## Provided entries
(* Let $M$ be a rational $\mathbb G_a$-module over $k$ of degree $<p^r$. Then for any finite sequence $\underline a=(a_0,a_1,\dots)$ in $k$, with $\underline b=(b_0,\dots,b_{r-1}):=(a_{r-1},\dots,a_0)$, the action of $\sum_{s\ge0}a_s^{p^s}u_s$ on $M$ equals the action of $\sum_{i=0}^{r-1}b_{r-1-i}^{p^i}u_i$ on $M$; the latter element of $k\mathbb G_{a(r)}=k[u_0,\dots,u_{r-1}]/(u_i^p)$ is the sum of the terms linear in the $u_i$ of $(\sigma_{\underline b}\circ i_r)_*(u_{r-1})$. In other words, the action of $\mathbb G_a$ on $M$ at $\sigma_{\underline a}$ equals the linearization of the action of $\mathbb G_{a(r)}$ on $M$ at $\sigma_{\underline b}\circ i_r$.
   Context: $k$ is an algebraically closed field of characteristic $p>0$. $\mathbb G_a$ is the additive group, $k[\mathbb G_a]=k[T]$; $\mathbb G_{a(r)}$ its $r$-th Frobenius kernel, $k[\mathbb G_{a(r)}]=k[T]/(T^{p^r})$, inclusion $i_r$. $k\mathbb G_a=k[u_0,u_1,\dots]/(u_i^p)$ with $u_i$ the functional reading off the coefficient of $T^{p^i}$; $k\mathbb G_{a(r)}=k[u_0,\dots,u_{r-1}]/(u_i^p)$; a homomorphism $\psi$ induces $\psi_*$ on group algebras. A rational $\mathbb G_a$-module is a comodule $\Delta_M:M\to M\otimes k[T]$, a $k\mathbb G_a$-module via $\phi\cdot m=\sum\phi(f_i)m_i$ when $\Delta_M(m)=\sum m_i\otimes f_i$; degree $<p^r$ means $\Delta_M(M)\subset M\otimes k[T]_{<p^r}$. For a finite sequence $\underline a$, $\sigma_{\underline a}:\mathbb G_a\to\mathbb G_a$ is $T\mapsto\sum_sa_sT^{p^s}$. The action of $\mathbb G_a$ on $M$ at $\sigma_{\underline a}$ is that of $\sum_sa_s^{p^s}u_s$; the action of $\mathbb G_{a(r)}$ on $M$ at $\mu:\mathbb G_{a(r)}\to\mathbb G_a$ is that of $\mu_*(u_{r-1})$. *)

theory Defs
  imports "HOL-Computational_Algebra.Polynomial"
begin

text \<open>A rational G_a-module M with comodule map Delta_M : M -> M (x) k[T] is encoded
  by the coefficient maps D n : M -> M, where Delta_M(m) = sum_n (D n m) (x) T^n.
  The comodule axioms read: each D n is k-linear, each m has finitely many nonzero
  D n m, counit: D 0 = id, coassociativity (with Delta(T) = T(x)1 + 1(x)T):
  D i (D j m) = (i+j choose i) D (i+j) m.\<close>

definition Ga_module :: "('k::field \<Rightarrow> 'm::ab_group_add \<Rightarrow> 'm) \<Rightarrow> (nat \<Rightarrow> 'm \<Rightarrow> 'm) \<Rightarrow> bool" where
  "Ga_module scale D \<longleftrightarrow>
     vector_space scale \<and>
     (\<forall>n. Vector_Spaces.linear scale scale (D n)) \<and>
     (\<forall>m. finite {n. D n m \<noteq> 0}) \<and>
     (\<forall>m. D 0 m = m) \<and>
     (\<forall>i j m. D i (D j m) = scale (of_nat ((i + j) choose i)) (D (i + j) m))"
---
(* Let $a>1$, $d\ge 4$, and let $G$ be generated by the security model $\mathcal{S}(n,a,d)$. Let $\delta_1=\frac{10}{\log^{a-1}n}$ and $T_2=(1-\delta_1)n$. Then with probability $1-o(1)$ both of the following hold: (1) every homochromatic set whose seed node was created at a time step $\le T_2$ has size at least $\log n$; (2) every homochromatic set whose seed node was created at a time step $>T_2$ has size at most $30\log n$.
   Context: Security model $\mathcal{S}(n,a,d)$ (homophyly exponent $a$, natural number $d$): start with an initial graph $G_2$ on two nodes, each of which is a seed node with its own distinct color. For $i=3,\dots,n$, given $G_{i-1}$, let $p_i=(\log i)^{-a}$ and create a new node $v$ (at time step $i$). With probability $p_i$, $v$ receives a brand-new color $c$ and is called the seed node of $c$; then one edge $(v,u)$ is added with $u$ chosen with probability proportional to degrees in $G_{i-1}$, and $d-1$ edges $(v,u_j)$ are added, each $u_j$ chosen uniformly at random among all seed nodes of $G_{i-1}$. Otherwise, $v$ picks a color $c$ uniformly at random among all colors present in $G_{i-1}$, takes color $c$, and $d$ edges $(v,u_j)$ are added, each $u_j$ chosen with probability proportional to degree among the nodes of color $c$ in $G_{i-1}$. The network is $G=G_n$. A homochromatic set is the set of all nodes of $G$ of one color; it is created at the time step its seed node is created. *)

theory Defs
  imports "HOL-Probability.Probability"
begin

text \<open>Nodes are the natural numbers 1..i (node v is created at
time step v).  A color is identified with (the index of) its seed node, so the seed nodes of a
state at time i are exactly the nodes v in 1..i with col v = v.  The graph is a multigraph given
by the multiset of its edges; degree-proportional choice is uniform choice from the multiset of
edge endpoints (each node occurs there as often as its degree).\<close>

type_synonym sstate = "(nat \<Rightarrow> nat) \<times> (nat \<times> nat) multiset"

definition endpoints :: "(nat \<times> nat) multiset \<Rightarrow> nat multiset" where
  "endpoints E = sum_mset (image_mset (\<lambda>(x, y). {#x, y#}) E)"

## Task goal
Repeat word for word the lines above that run from the line containing "nat) \<times> (nat" through the line containing "E = sum_mset", both ends included, and nothing else.

## Solution
type_synonym sstate = "(nat \<Rightarrow> nat) \<times> (nat \<times> nat) multiset"

definition endpoints :: "(nat \<times> nat) multiset \<Rightarrow> nat multiset" where
  "endpoints E = sum_mset (image_mset (\<lambda>(x, y). {#x, y#}) E)"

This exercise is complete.